▸ **EXERCISE DIRECTIONS**
Below are records; output all of them exactly.

▸ **EXCERPTED DATA**
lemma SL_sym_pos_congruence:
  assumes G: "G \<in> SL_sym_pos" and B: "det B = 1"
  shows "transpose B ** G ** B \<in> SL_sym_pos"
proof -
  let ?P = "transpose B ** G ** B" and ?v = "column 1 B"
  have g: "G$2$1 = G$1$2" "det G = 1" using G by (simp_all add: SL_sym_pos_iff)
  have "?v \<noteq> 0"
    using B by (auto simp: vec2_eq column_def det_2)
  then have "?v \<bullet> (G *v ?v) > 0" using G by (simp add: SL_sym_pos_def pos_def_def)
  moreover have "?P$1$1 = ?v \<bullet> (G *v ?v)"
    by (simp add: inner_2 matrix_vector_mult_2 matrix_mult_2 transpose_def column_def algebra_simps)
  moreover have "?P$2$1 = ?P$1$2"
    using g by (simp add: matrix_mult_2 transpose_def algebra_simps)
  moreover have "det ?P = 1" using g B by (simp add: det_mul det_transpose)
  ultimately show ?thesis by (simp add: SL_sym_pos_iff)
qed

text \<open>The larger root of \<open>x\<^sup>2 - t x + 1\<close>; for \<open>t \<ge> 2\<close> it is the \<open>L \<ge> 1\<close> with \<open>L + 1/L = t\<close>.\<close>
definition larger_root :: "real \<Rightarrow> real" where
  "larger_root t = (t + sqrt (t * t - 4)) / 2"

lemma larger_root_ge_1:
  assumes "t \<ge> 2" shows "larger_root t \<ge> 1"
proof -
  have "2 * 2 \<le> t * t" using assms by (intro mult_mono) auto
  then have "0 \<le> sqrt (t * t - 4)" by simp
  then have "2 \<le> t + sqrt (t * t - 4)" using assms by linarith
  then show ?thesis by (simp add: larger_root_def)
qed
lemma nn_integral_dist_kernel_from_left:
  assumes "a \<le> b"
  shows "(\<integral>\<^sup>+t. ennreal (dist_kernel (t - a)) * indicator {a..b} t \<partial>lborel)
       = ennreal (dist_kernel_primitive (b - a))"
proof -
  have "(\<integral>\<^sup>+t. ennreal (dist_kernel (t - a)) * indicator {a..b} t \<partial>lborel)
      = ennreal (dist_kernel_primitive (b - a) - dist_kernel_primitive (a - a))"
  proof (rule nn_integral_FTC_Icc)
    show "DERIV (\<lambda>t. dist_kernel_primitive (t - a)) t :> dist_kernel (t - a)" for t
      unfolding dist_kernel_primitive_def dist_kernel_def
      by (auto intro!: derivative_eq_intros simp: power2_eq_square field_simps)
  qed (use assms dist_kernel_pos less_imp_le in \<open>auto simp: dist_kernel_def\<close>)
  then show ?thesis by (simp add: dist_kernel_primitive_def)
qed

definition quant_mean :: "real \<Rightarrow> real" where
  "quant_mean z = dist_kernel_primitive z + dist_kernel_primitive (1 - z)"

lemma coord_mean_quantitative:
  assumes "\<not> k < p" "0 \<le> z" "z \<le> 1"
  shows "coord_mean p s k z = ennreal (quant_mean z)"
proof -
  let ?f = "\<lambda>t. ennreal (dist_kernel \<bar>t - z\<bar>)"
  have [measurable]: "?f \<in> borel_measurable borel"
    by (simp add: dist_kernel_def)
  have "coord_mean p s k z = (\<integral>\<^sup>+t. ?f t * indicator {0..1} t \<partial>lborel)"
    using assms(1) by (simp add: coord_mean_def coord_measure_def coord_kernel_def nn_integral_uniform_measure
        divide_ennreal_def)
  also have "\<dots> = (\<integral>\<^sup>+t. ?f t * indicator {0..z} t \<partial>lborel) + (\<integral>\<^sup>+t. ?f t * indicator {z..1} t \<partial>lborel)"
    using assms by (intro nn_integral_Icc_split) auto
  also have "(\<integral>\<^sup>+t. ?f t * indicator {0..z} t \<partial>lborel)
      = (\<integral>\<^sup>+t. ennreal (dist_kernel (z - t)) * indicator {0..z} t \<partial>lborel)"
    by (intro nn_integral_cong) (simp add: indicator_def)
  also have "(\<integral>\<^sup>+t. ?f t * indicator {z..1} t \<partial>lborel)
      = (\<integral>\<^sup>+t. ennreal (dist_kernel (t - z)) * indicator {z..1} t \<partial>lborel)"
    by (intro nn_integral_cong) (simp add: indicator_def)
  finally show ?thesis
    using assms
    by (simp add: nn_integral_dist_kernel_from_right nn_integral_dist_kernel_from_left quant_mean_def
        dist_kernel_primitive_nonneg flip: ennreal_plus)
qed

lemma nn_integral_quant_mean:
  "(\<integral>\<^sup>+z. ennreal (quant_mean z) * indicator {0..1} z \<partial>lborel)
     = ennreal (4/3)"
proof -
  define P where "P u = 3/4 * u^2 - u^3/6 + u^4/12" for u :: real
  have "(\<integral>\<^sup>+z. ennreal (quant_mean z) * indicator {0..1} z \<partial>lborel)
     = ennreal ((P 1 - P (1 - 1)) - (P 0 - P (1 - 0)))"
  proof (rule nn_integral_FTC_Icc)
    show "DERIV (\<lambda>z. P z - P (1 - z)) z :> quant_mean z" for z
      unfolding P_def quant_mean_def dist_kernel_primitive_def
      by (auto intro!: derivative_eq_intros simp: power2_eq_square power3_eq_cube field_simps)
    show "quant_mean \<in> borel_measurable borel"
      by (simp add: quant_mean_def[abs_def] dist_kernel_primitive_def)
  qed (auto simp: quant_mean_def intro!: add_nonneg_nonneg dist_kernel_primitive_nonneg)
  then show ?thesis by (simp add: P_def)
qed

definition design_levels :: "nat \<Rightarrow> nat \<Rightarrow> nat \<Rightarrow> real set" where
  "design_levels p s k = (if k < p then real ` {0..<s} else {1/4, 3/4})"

▸ **ANSWER AREA**
lemma SL_sym_pos_congruence:
  assumes G: "G \<in> SL_sym_pos" and B: "det B = 1"
  shows "transpose B ** G ** B \<in> SL_sym_pos"
proof -
  let ?P = "transpose B ** G ** B" and ?v = "column 1 B"
  have g: "G$2$1 = G$1$2" "det G = 1" using G by (simp_all add: SL_sym_pos_iff)
  have "?v \<noteq> 0"
    using B by (auto simp: vec2_eq column_def det_2)
  then have "?v \<bullet> (G *v ?v) > 0" using G by (simp add: SL_sym_pos_def pos_def_def)
  moreover have "?P$1$1 = ?v \<bullet> (G *v ?v)"
    by (simp add: inner_2 matrix_vector_mult_2 matrix_mult_2 transpose_def column_def algebra_simps)
  moreover have "?P$2$1 = ?P$1$2"
    using g by (simp add: matrix_mult_2 transpose_def algebra_simps)
  moreover have "det ?P = 1" using g B by (simp add: det_mul det_transpose)
  ultimately show ?thesis by (simp add: SL_sym_pos_iff)
qed

text \<open>The larger root of \<open>x\<^sup>2 - t x + 1\<close>; for \<open>t \<ge> 2\<close> it is the \<open>L \<ge> 1\<close> with \<open>L + 1/L = t\<close>.\<close>
definition larger_root :: "real \<Rightarrow> real" where
  "larger_root t = (t + sqrt (t * t - 4)) / 2"

lemma larger_root_ge_1:
  assumes "t \<ge> 2" shows "larger_root t \<ge> 1"
proof -
  have "2 * 2 \<le> t * t" using assms by (intro mult_mono) auto
  then have "0 \<le> sqrt (t * t - 4)" by simp
  then have "2 \<le> t + sqrt (t * t - 4)" using assms by linarith
  then show ?thesis by (simp add: larger_root_def)
qed
lemma nn_integral_dist_kernel_from_left:
  assumes "a \<le> b"
  shows "(\<integral>\<^sup>+t. ennreal (dist_kernel (t - a)) * indicator {a..b} t \<partial>lborel)
       = ennreal (dist_kernel_primitive (b - a))"
proof -
  have "(\<integral>\<^sup>+t. ennreal (dist_kernel (t - a)) * indicator {a..b} t \<partial>lborel)
      = ennreal (dist_kernel_primitive (b - a) - dist_kernel_primitive (a - a))"
  proof (rule nn_integral_FTC_Icc)
    show "DERIV (\<lambda>t. dist_kernel_primitive (t - a)) t :> dist_kernel (t - a)" for t
      unfolding dist_kernel_primitive_def dist_kernel_def
      by (auto intro!: derivative_eq_intros simp: power2_eq_square field_simps)
  qed (use assms dist_kernel_pos less_imp_le in \<open>auto simp: dist_kernel_def\<close>)
  then show ?thesis by (simp add: dist_kernel_primitive_def)
qed

definition quant_mean :: "real \<Rightarrow> real" where
  "quant_mean z = dist_kernel_primitive z + dist_kernel_primitive (1 - z)"

lemma coord_mean_quantitative:
  assumes "\<not> k < p" "0 \<le> z" "z \<le> 1"
  shows "coord_mean p s k z = ennreal (quant_mean z)"
proof -
  let ?f = "\<lambda>t. ennreal (dist_kernel \<bar>t - z\<bar>)"
  have [measurable]: "?f \<in> borel_measurable borel"
    by (simp add: dist_kernel_def)
  have "coord_mean p s k z = (\<integral>\<^sup>+t. ?f t * indicator {0..1} t \<partial>lborel)"
    using assms(1) by (simp add: coord_mean_def coord_measure_def coord_kernel_def nn_integral_uniform_measure
        divide_ennreal_def)
  also have "\<dots> = (\<integral>\<^sup>+t. ?f t * indicator {0..z} t \<partial>lborel) + (\<integral>\<^sup>+t. ?f t * indicator {z..1} t \<partial>lborel)"
    using assms by (intro nn_integral_Icc_split) auto
  also have "(\<integral>\<^sup>+t. ?f t * indicator {0..z} t \<partial>lborel)
      = (\<integral>\<^sup>+t. ennreal (dist_kernel (z - t)) * indicator {0..z} t \<partial>lborel)"
    by (intro nn_integral_cong) (simp add: indicator_def)
  also have "(\<integral>\<^sup>+t. ?f t * indicator {z..1} t \<partial>lborel)
      = (\<integral>\<^sup>+t. ennreal (dist_kernel (t - z)) * indicator {z..1} t \<partial>lborel)"
    by (intro nn_integral_cong) (simp add: indicator_def)
  finally show ?thesis
    using assms
    by (simp add: nn_integral_dist_kernel_from_right nn_integral_dist_kernel_from_left quant_mean_def
        dist_kernel_primitive_nonneg flip: ennreal_plus)
qed

lemma nn_integral_quant_mean:
  "(\<integral>\<^sup>+z. ennreal (quant_mean z) * indicator {0..1} z \<partial>lborel)
     = ennreal (4/3)"
proof -
  define P where "P u = 3/4 * u^2 - u^3/6 + u^4/12" for u :: real
  have "(\<integral>\<^sup>+z. ennreal (quant_mean z) * indicator {0..1} z \<partial>lborel)
     = ennreal ((P 1 - P (1 - 1)) - (P 0 - P (1 - 0)))"
  proof (rule nn_integral_FTC_Icc)
    show "DERIV (\<lambda>z. P z - P (1 - z)) z :> quant_mean z" for z
      unfolding P_def quant_mean_def dist_kernel_primitive_def
      by (auto intro!: derivative_eq_intros simp: power2_eq_square power3_eq_cube field_simps)
    show "quant_mean \<in> borel_measurable borel"
      by (simp add: quant_mean_def[abs_def] dist_kernel_primitive_def)
  qed (auto simp: quant_mean_def intro!: add_nonneg_nonneg dist_kernel_primitive_nonneg)
  then show ?thesis by (simp add: P_def)
qed

definition design_levels :: "nat \<Rightarrow> nat \<Rightarrow> nat \<Rightarrow> real set" where
  "design_levels p s k = (if k < p then real ` {0..<s} else {1/4, 3/4})"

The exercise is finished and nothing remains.